Dari beberapa kasus yang terjadi sebagian besar motif pelaku melakukan aksi tersebut karena mereka ingin bergabung dengan sebuah geng. Kemudian keberanian untuk membacok atau menyakiti seseorang menjadi persyaratan yang harus terpenuhi jika ingin bergabung dalam geng tersebut. Selain itu ada juga yang melakukan hal itu karena hanya ingin membuat gaduh masyarakat dan menjadi kepuasan tersendiri setelah melakukan aksi yang menyakiti orang lain tersebut.
Aksi klitih yang terakhir terjadi di Jogja adalah aksi yang menyebabkan satu korban meninggal dan enam orang luka-luka. Korban adalah siswa SMA yang pulang dari berwisata. Aksi tersebut terjadi di jalan Imogiri-Panggang. Pelaku menggunakan pedang atau parang dan clurit sebagai senjata. Pelaku juga menggunakan cadar ketika melakukan aksi klitih yang membabi buta hingga menelan korban jiwa tersebut. Kini kasus tersebut masih dalam proses penyelidikan.
Maraknya aksi klitih membuat masyarakat resah dan takut untuk keluar rumah, terutama pada malam hari. Oleh karena itu pihak kepolisisan menindak lanjuti dengan melakukan razia di daerah Jogja. Sasaran dalam razia ini adalah para remaja di Jogja. Dari razia tersebut kepolisian telah beberapa kali berhasil menangkap remaja-remaja yang membawa senjata tajam. Meskipun sudah dilakukan razia, namun aksi tersebut ,asih tetap terjadi hingga sekarang.

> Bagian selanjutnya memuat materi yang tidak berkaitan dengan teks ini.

(* For a suffix code X a parse of w is determined by its last component,
       so delta X w counts the suffixes of w having no prefix in X; dually, for a prefix
       code it counts the prefixes of w having no suffix in X.  Both are related by
       reversal, which also leaves the degree unchanged when rev ` F = F.
   (2) Completeness.  In a set F in which any two words are a prefix and a suffix of a
       common word of F, an F-maximal bifix code is prefix-complete or suffix-complete
       (every word of F is comparable with a code word for the prefix, resp. suffix,
       order); by reversal the second case reduces to the first.
   (3) Sturmian facts.  Closure under reversal makes x recurrent, which gives the
       hypothesis of (2) and shows that every factor extends to a right-special one.
   (4) Counting.  For prefix-complete X, the proper prefixes P of code words form a
       tree with leaves X in which a node has k children if it is right special and one
       child otherwise; so card X = 1 + (k - 1) * card (P \<inter> R), R the right-special
       factors.  By (1), delta X w counts the suffixes of w lying in P, which is at most
       card (P \<inter> R) and equal to it for long right-special w; so d_F(X) = card (P \<inter> R). *)

section \<open>Occurrences of words in an infinite word\<close>

definition occ :: "(nat \<Rightarrow> 'a) \<Rightarrow> 'a list \<Rightarrow> nat \<Rightarrow> bool" where
  "occ x w i \<longleftrightarrow> map x [i..<i + length w] = w"

lemma factors_iff: "w \<in> factors x \<longleftrightarrow> (\<exists>i. occ x w i)"
proof
  assume "w \<in> factors x"
  then obtain i n where "w = map x [i..<i + n]" unfolding factors_def by blast
  then show "\<exists>i. occ x w i" unfolding occ_def by auto
next
  assume "\<exists>i. occ x w i"
  then obtain i where "w = map x [i..<i + length w]" unfolding occ_def by metis
  then show "w \<in> factors x" unfolding factors_def by blast
qed

lemma occ_nth: "occ x w i \<longleftrightarrow> (\<forall>s<length w. x (i + s) = w ! s)"
  unfolding occ_def list_eq_iff_nth_eq by auto

lemma map_segment_split: "i \<le> j \<Longrightarrow> j \<le> k \<Longrightarrow> map x [i..<k] = map x [i..<j] @ map x [j..<k]"
  using upt_add_eq_append[of i j "k - j"] by simp

lemma occ_append: "occ x (u @ v) i \<longleftrightarrow> occ x u i \<and> occ x v (i + length u)"
proof -
  have "map x [i..<i + length (u @ v)] =
        map x [i..<i + length u] @ map x [i + length u..<i + length u + length v]"
    using map_segment_split[of i "i + length u" "i + length u + length v" x] by (simp add: add.assoc)
  moreover have "length (map x [i..<i + length u]) = length u" by simp
  ultimately show ?thesis
    unfolding occ_def by (metis append_eq_append_conv)
qed

lemma occ_snoc: "occ x (w @ [a]) i \<longleftrightarrow> occ x w i \<and> x (i + length w) = a"
  by (simp add: occ_append) (simp add: occ_nth)

lemma occ_segment: "i \<le> j \<Longrightarrow> occ x (map x [i..<j]) i"
  unfolding occ_def by simp

lemma occ_next_letter: "occ x w i \<Longrightarrow> w @ [x (i + length w)] \<in> factors x"
  unfolding factors_iff by (auto simp: occ_snoc)

lemma factors_append: "u @ v \<in> factors x \<Longrightarrow> u \<in> factors x \<and> v \<in> factors x"
  unfolding factors_iff using occ_append by blast

lemma factors_prefix: "prefix u w \<Longrightarrow> w \<in> factors x \<Longrightarrow> u \<in> factors x"
  by (auto simp: prefix_def dest: factors_append)

lemma factors_suffix: "suffix u w \<Longrightarrow> w \<in> factors x \<Longrightarrow> u \<in> factors x"
  by (auto simp: suffix_def dest: factors_append)

lemma factors_extend: "w \<in> factors x \<Longrightarrow> \<exists>a. w @ [a] \<in> factors x"
  using occ_next_letter factors_iff by blast

lemma Nil_factor: "[] \<in> factors x"
  unfolding factors_iff occ_def by simp

lemma not_right_special_unique_ext:
  "u \<in> F \<Longrightarrow> \<not> right_special F u \<Longrightarrow> u @ [a] \<in> F \<Longrightarrow> u @ [b] \<in> F \<Longrightarrow> a = b"
  unfolding right_special_def by metis


section \<open>Parses with respect to prefix and suffix codes\<close>

definition code_star :: "'a list set \<Rightarrow> 'a list set" where
  "code_star X = concat ` lists X"

definition no_suffix_in :: "'a list set \<Rightarrow> 'a list \<Rightarrow> bool" where
  "no_suffix_in X v \<longleftrightarrow> \<not> (\<exists>s\<in>X. suffix s v)"

definition no_prefix_in :: "'a list set \<Rightarrow> 'a list \<Rightarrow> bool" where
  "no_prefix_in X u \<longleftrightarrow> \<not> (\<exists>p\<in>X. prefix p u)"

lemma parses_alt:
  "parses X w = {(v, y, u). w = v @ y @ u \<and> no_suffix_in X v \<and> y \<in> code_star X \<and> no_prefix_in X u}"
  unfolding parses_def code_star_def no_suffix_in_def no_prefix_in_def by simp

lemma code_star_Nil: "[] \<in> code_star X"
  unfolding code_star_def by (rule image_eqI[of _ _ "[]"]) auto

lemma code_star_snoc: "y \<in> code_star X \<Longrightarrow> z \<in> X \<Longrightarrow> y @ z \<in> code_star X"
  unfolding code_star_def by (auto intro!: image_eqI[where x = "_ @ [z]"])

lemma code_star_cases:
  assumes "y \<in> code_star X"
  obtains "y = []" | y' z where "y = y' @ z" "y' \<in> code_star X" "z \<in> X"
proof -
  obtain l where l: "y = concat l" "l \<in> lists X" using assms unfolding code_star_def by blast
  show thesis
  proof (cases l rule: rev_cases)
    case Nil then show ?thesis using l that(1) by simp
  next
    case (snoc l' z)
    then show ?thesis using l that(2)[of "concat l'" z] unfolding code_star_def by auto
  qed
qed

lemma code_star_rev: "y \<in> code_star X \<Longrightarrow> rev y \<in> code_star (rev ` X)"
  unfolding code_star_def
  by (auto simp: rev_concat rev_map intro!: image_eqI[where x = "rev (map rev _)"])

lemma no_suffix_in_rev: "no_suffix_in (rev ` X) (rev u) \<longleftrightarrow> no_prefix_in X u"
  unfolding no_suffix_in_def no_prefix_in_def by (auto simp: suffix_to_prefix)

lemma no_prefix_in_rev: "no_prefix_in (rev ` X) (rev v) \<longleftrightarrow> no_suffix_in X v"
  unfolding no_suffix_in_def no_prefix_in_def by (auto simp: suffix_to_prefix)

text \<open>Every word factors as v y with y in X* and v without suffix in X; when X is a
  suffix code this factorisation is unique (peel off code words from the right).\<close>

lemma star_factorisation_exists:
  assumes "[] \<notin> X"
  shows "\<exists>v y. z = v @ y \<and> no_suffix_in X v \<and> y \<in> code_star X"
proof (induction "length z" arbitrary: z rule: less_induct)
  case less
  show ?case
  proof (cases "no_suffix_in X z")
    case True then show ?thesis using code_star_Nil by (intro exI[of _ z] exI[of _ "[]"]) simp
  next
    case False
    then obtain s z' where s: "s \<in> X" "z = z' @ s" unfolding no_suffix_in_def suffix_def by blast
    with assms have "length z' < length z" by (cases s) auto
    then obtain v y where "z' = v @ y" "no_suffix_in X v" "y \<in> code_star X" using less by blast
    then show ?thesis using s code_star_snoc by (intro exI[of _ v] exI[of _ "y @ s"]) simp
  qed
qed

lemma star_factorisation_unique:
  assumes ne: "[] \<notin> X" and suffix_code: "\<forall>x\<in>X. \<forall>y\<in>X. \<not> strict_suffix x y"
  shows "v1 @ y1 = v2 @ y2 \<Longrightarrow> no_suffix_in X v1 \<Longrightarrow> no_suffix_in X v2 \<Longrightarrow>
         y1 \<in> code_star X \<Longrightarrow> y2 \<in> code_star X \<Longrightarrow> v1 = v2 \<and> y1 = y2"
proof (induction "length (v1 @ y1)" arbitrary: v1 v2 y1 y2 rule: less_induct)
  case less
  note eq = less.prems(1) and nv1 = less.prems(2) and nv2 = less.prems(3)
  show ?case
  proof (cases rule: code_star_cases[OF less.prems(4)])
    case 1
    show ?thesis
    proof (cases rule: code_star_cases[OF less.prems(5)])
      case (2 y2' z2)
      then have "suffix z2 v1" using eq 1 unfolding suffix_def by (metis append_Nil2 append_assoc)
      then show ?thesis using nv1 2 unfolding no_suffix_in_def by blast
    qed (use eq 1 in simp)
  next
    case (2 y1' z1)
    show ?thesis
    proof (cases rule: code_star_cases[OF less.prems(5)])
      case 1
      then have "suffix z1 v2" using eq 2 unfolding suffix_def by (metis append_Nil2 append_assoc)
      then show ?thesis using nv2 2 unfolding no_suffix_in_def by blast
    next
      case (2 y2' z2)
      note y1 = \<open>y1 = y1' @ z1\<close> \<open>y1' \<in> code_star X\<close> \<open>z1 \<in> X\<close>
      have "suffix z1 (v1 @ y1)" "suffix z2 (v1 @ y1)"
        using eq y1 2 unfolding suffix_def by (metis append_assoc)+
      then have "suffix z1 z2 \<or> suffix z2 z1" by (rule suffix_same_cases)
      then have "z1 = z2" using suffix_code y1(3) 2(3) unfolding strict_suffix_def by metis
      then have eq': "v1 @ y1' = v2 @ y2'" using eq y1 2 by simp
      have "z1 \<noteq> []" using ne y1(3) by metis
      then have "length (v1 @ y1') < length (v1 @ y1)" using y1 by simp
      then show ?thesis using less.hyps[OF _ eq' nv1 nv2 y1(2) 2(2)] y1 2 \<open>z1 = z2\<close> by simp
    qed
  qed
qed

Jogja yang terkenal nyaman dan aman, kini menjadi tidak aman oleh remaja yang tidak bermoral dan kurang kerjaan. Pandangan orang mengenai kota Jogja yang terkenal dengan masyarakatnya yang ramah kepada sesama orang Jogja maupun bukan, kini menjadi berubah. Remaja yang menempuh pendidikan seharusnya mengerti dan mampu membedakan mana perbuatan yang baik dan buruk serta mana perbuatan yang positif dan tidak merugikan orang lain. Dari kasus ini, istilah “Jogja, kota pelajar” menjadi terasa aneh terdengar ketika para pelajar justru membuat onar. Apakah ini sebuah kegagalan dunia pendidikan dalam membentuk karakter pelajar yang mengerti moral dan etika dalam kehidupan bermasyarakat.